The end of December is a volatile period for markets, as investment managers prepare to close their accounts for the year and decrease trading volumes in some large markets, such as Australia.
Jim McCafferty, Nomura’s joint head of APAC stock research, said that the global investors are starting to reassess their portfolio positions at this time of year, and they’re looking at the risks heading into 2022.
According to McCafferty, people want to have their portfolios positioned to mitigate inflation in Europe and the United States, but it is more contained in Asia, so they are looking to have their portfolios positioned to mitigate inflation in Asia. People are searching for companies that can pass on future price increases and companies that have growing dividends as a strategy to produce income in shares.

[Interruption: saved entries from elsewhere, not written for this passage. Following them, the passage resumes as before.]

(* Let $\epsilon_1,\epsilon_2,\epsilon_3,\epsilon_4\in\{\pm1\}$, let $\Lambda(x)$ and ${}^v\Lambda(x,y^4)$ be smooth functions of $x=(x^1,x^2)$, resp. $(x,y^4)$, and let $\widetilde\Lambda_0\neq0$ be a constant. Let $\tilde\Phi(x,y^4)>0$ be smooth with $\partial_4\tilde\Phi\neq0$, and let $\Xi(x,y^4)$ satisfy $\partial_4\Xi={}^v\Lambda\,\partial_4(\tilde\Phi^2)$ with $\Xi\neq0$ and $\partial_4\Xi\neq0$ everywhere. Let $\psi(x)$ be any solution of $\epsilon_1\partial^2_{11}\psi+\epsilon_2\partial^2_{22}\psi=2\Lambda(x)$, and let ${}_1n_k(x)$, ${}_2\tilde n_k(x)$ ($k=1,2$) be arbitrary smooth functions. Define $$h_3=\frac{\tilde\Phi^2}{4\widetilde\Lambda_0},\quad h_4=\frac{(\partial_4\tilde\Phi)^2}{\Xi},\quad n_k={}_1n_k+{}_2\tilde n_k\int\frac{(\partial_4\tilde\Phi)^2}{\tilde\Phi^3\,\Xi}\,dy^4,\quad w_i=\frac{\partial_i\Xi}{\partial_4\Xi}.$$ Then $(\psi,h_3,h_4,n_k,w_i)$ solves the system $$\epsilon_1\partial^2_{11}\psi+\epsilon_2\partial^2_{22}\psi=2\Lambda,\quad (\partial_4\phi)(\partial_4h_3)=2h_3h_4\,{}^v\Lambda,\quad \partial^2_{44}n_i+\gamma\,\partial_4n_i=0,\quad \beta w_i-\alpha_i=0,$$ where $\phi=\ln|\partial_4h_3/\sqrt{|h_3h_4|}|$, $\gamma=\partial_4\ln(|h_3|^{3/2}/|h_4|)$, $\alpha_i=(\partial_i\phi)(\partial_4h_3)/(2h_3)$, $\beta=(\partial_4\phi)(\partial_4h_3)/(2h_3)$. Consequently the metric $$ds^2=\epsilon_ie^{\psi}(dx^i)^2+\frac{\tilde\Phi^2}{4\widetilde\Lambda_0}\Big[dy^3+n_k dx^k\Big]^2+\frac{(\partial_4\tilde\Phi)^2}{\Xi}\Big[dy^4+\frac{\partial_i\Xi}{\partial_4\Xi}dx^i\Big]^2$$ is a generic off-diagonal solution, with Killing symmetry $\partial/\partial y^3$, of the decoupled 4-d nonholonomic Einstein equations for the canonical d-connection with sources $\Lambda$, ${}^v\Lambda$.
   Context: Coordinates $(x^1,x^2,y^3,y^4)$, $\partial_i=\partial/\partial x^i$, $\partial_4=\partial/\partial y^4$; summation over $i,k=1,2$. $\int\cdot\,dy^4$ denotes any antiderivative with respect to $y^4$ (with $x$ fixed). The "decoupled 4-d nonholonomic Einstein equations" are exactly the displayed system of four equations for the metric $ds^2=\epsilon_ie^\psi(dx^i)^2+h_3(dy^3+n_kdx^k)^2+h_4(dy^4+w_idx^i)^2$ with $h_a,n_k,w_i$ functions of $(x,y^4)$. *)

theory Defs
  imports "HOL-Analysis.Analysis"
begin

text \<open>Functions on coordinates (x1, x2, y4) are curried: f x1 x2 y4.
  The coordinate y3 does not appear (Killing symmetry along y3).\<close>

definition pd1 :: "(real \<Rightarrow> real \<Rightarrow> real \<Rightarrow> real) \<Rightarrow> real \<Rightarrow> real \<Rightarrow> real \<Rightarrow> real" where
  "pd1 f = (\<lambda>a b c. deriv (\<lambda>t. f t b c) a)"

definition pd2 :: "(real \<Rightarrow> real \<Rightarrow> real \<Rightarrow> real) \<Rightarrow> real \<Rightarrow> real \<Rightarrow> real \<Rightarrow> real" where
  "pd2 f = (\<lambda>a b c. deriv (\<lambda>t. f a t c) b)"

definition pd4 :: "(real \<Rightarrow> real \<Rightarrow> real \<Rightarrow> real) \<Rightarrow> real \<Rightarrow> real \<Rightarrow> real \<Rightarrow> real" where
  "pd4 f = (\<lambda>a b c. deriv (\<lambda>t. f a b t) c)"

definition pdx :: "nat \<Rightarrow> (real \<Rightarrow> real \<Rightarrow> real \<Rightarrow> real) \<Rightarrow> real \<Rightarrow> real \<Rightarrow> real \<Rightarrow> real" where
  "pdx i f = (if i = 1 then pd1 f else pd2 f)"

text \<open>Smoothness (C-infinity) on R^3: continuous, all first partials exist everywhere,
  and the partials are again smooth.\<close>
coinductive smooth3 :: "(real \<Rightarrow> real \<Rightarrow> real \<Rightarrow> real) \<Rightarrow> bool" where
  "\<lbrakk> continuous_on UNIV (\<lambda>p. f (fst p) (fst (snd p)) (snd (snd p)));
     \<forall>a b c. (\<lambda>t. f t b c) differentiable (at a);
     \<forall>a b c. (\<lambda>t. f a t c) differentiable (at b);
     \<forall>a b c. (\<lambda>t. f a b t) differentiable (at c);
     smooth3 (pd1 f); smooth3 (pd2 f); smooth3 (pd4 f) \<rbrakk> \<Longrightarrow> smooth3 f"

definition nh_phi where
  "nh_phi h3 h4 = (\<lambda>a b c. ln \<bar>pd4 h3 a b c / sqrt \<bar>h3 a b c * h4 a b c\<bar>\<bar>)"

definition nh_gamma where
  "nh_gamma h3 h4 = pd4 (\<lambda>a b c. ln (\<bar>h3 a b c\<bar> powr (3/2) / \<bar>h4 a b c\<bar>))"

definition nh_alpha where
  "nh_alpha h3 h4 i = (\<lambda>a b c. pdx i (nh_phi h3 h4) a b c * pd4 h3 a b c / (2 * h3 a b c))"

definition nh_beta where
  "nh_beta h3 h4 = (\<lambda>a b c. pd4 (nh_phi h3 h4) a b c * pd4 h3 a b c / (2 * h3 a b c))"

definition decoupled_system ::
  "real \<Rightarrow> real \<Rightarrow> (real \<Rightarrow> real \<Rightarrow> real) \<Rightarrow> (real \<Rightarrow> real \<Rightarrow> real \<Rightarrow> real)
   \<Rightarrow> (real \<Rightarrow> real \<Rightarrow> real)
   \<Rightarrow> (real \<Rightarrow> real \<Rightarrow> real \<Rightarrow> real) \<Rightarrow> (real \<Rightarrow> real \<Rightarrow> real \<Rightarrow> real)
   \<Rightarrow> (nat \<Rightarrow> real \<Rightarrow> real \<Rightarrow> real \<Rightarrow> real) \<Rightarrow> (nat \<Rightarrow> real \<Rightarrow> real \<Rightarrow> real \<Rightarrow> real) \<Rightarrow> bool" where
  "decoupled_system eps1 eps2 Lam vLam psi h3 h4 n w \<longleftrightarrow>
     (\<forall>a b. eps1 * deriv (\<lambda>t. deriv (\<lambda>s. psi s b) t) a
            + eps2 * deriv (\<lambda>t. deriv (\<lambda>s. psi a s) t) b = 2 * Lam a b)
   \<and> (\<forall>a b c. pd4 (nh_phi h3 h4) a b c * pd4 h3 a b c = 2 * h3 a b c * h4 a b c * vLam a b c)
   \<and> (\<forall>i\<in>{1,2}. \<forall>a b c. pd4 (pd4 (n i)) a b c + nh_gamma h3 h4 a b c * pd4 (n i) a b c = 0)
   \<and> (\<forall>i\<in>{1,2}. \<forall>a b c. nh_beta h3 h4 a b c * w i a b c - nh_alpha h3 h4 i a b c = 0)"

end

theory Submission
  imports Defs
begin

text \<open>With \<open>h\<^sub>3 = \<Phi>\<^sup>2/(4\<Lambda>\<^sub>0)\<close> and \<open>h\<^sub>4 = (\<partial>\<^sub>4\<Phi>)\<^sup>2/\<Xi>\<close> the quotient
  \<open>\<partial>\<^sub>4h\<^sub>3/\<surd>|h\<^sub>3h\<^sub>4|\<close> equals \<open>\<surd>|\<Xi>/\<Lambda>\<^sub>0|\<close>, so \<open>\<phi> = (ln|\<Xi>| - ln|\<Lambda>\<^sub>0|)/2\<close>. Then
  \<open>\<partial>\<phi> = \<partial>\<Xi>/(2\<Xi>)\<close> in every direction, which gives the \<open>w\<close>-equation at once and, together
  with \<open>\<partial>\<^sub>4\<Xi> = \<^sup>v\<Lambda> \<partial>\<^sub>4(\<Phi>\<^sup>2)\<close>, the \<open>h\<close>-equation. Moreover \<open>|h\<^sub>4|/|h\<^sub>3|\<^sup>3\<^sup>/\<^sup>2\<close> is a constant
  multiple of \<open>|Q|\<close>, where \<open>Q = (\<partial>\<^sub>4\<Phi>)\<^sup>2/(\<Phi>\<^sup>3\<Xi>)\<close> is the integrand of \<open>n\<^sub>k\<close>, so \<open>\<gamma> = -\<partial>\<^sub>4Q/Q\<close>; since
  \<open>\<partial>\<^sub>4n\<^sub>k\<close> is a multiple of \<open>Q\<close>, this is exactly \<open>\<partial>\<^sub>4\<^sub>4n\<^sub>k + \<gamma> \<partial>\<^sub>4n\<^sub>k = 0\<close>.\<close>

lemma DERIV_ln_nonzero:
  fixes x :: real
  assumes "x \<noteq> 0"
  shows "DERIV ln x :> 1 / x"
proof (cases "x > 0")
  case True
  then show ?thesis by (rule DERIV_ln_divide)
next
  case False
  with assms have "DERIV (\<lambda>t. ln (- t)) x :> 1 / (- x) * (- 1)"
    by (intro DERIV_chain2[OF DERIV_ln_divide] derivative_eq_intros) auto
  then show ?thesis by (simp add: ln_minus)
qed

lemma DERIV_ln_nonzero_comp [derivative_intros]:
  fixes g :: "real \<Rightarrow> real"
  assumes "(g has_real_derivative g') (at x)" "g x \<noteq> 0"
  shows "((\<lambda>t. ln (g t)) has_real_derivative g' / g x) (at x)"
  using DERIV_chain2[OF DERIV_ln_nonzero[OF assms(2)] assms(1)] by simp

text \<open>The real logarithm is totalised by \<open>ln x = ln |x|\<close>, so the absolute values in
  \<open>\<phi>\<close> and \<open>\<gamma>\<close> can be dropped and \<open>ln\<close> of a nonzero function differentiated directly.\<close>

lemma ln_abs [simp]: "ln \<bar>x\<bar> = ln (x::real)"
  by (cases "x \<ge> 0") (simp_all add: ln_minus)

lemma pd1_eqI: "((\<lambda>t. f t b c) has_real_derivative D) (at a) \<Longrightarrow> pd1 f a b c = D"
  by (simp add: pd1_def DERIV_imp_deriv)

lemma pd2_eqI: "((\<lambda>t. f a t c) has_real_derivative D) (at b) \<Longrightarrow> pd2 f a b c = D"
  by (simp add: pd2_def DERIV_imp_deriv)

lemma pd4_eqI: "((\<lambda>t. f a b t) has_real_derivative D) (at c) \<Longrightarrow> pd4 f a b c = D"
  by (simp add: pd4_def DERIV_imp_deriv)

lemma smooth3_has_pd1: "smooth3 f \<Longrightarrow> ((\<lambda>t. f t b c) has_real_derivative pd1 f a b c) (at a)"
  by (erule smooth3.cases) (simp add: pd1_def DERIV_deriv_iff_real_differentiable)

lemma smooth3_has_pd2: "smooth3 f \<Longrightarrow> ((\<lambda>t. f a t c) has_real_derivative pd2 f a b c) (at b)"
  by (erule smooth3.cases) (simp add: pd2_def DERIV_deriv_iff_real_differentiable)

lemma smooth3_has_pd4: "smooth3 f \<Longrightarrow> ((\<lambda>t. f a b t) has_real_derivative pd4 f a b c) (at c)"
  by (erule smooth3.cases) (simp add: pd4_def DERIV_deriv_iff_real_differentiable)

lemma smooth3_pd4: "smooth3 f \<Longrightarrow> smooth3 (pd4 f)"
  by (erule smooth3.cases) simp

locale canonical_ansatz =
  fixes Lam0 :: real and Phi Xi :: "real \<Rightarrow> real \<Rightarrow> real \<Rightarrow> real"
  assumes Lam0_nz: "Lam0 \<noteq> 0"
    and smooth_Phi: "smooth3 Phi"
    and Phi_nz: "Phi a b c \<noteq> 0"
    and pd4_Phi_nz: "pd4 Phi a b c \<noteq> 0"
    and smooth_Xi: "smooth3 Xi"
    and Xi_nz: "Xi a b c \<noteq> 0"
begin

The rising Omicron case numbers aren’t frightening investors as much as they might have been, given that death rates haven’t risen dramatically and the likelihood of global lockdowns remains remote.
On Tuesday, the Dow Jones Industrial Average (.DJI) gained 0.26 percent. During the session, the S&P 500 (.SPX) achieved a new intraday high, but then fell 0.10 percent to conclude the day. The Nasdaq Composite Index (.IXIC) fell 0.56 percent today.
In the United States, the return on benchmark 10-year Treasury bonds was 1.4773 percent, opposed to 1.481 percent on Tuesday. The two-year return hit 0.7461 percent after hitting 0.758 percent the previous session, a near two-year high.
The dollar rose modestly in early Asian trade on Wednesday as a recent stock market boom appeared to be fading, but holiday-thinned trading left markets with little direction.
The euro slid 0.14 percent tuesday to $1.1307, whereas the pound dropped from a five-week peak, boosting the dollar index to 96.164 from 95.957 on Friday.
The Federal Reserve is largely expected to raise rates ahead of several other major central banks, including the European Central Bank, and this has supported the dollar index have its finest year since 2015.
Crude oil in the United States rose 0.25 percent to $76.17 per barrel. The price of Brent crude has risen to $79 per barrel.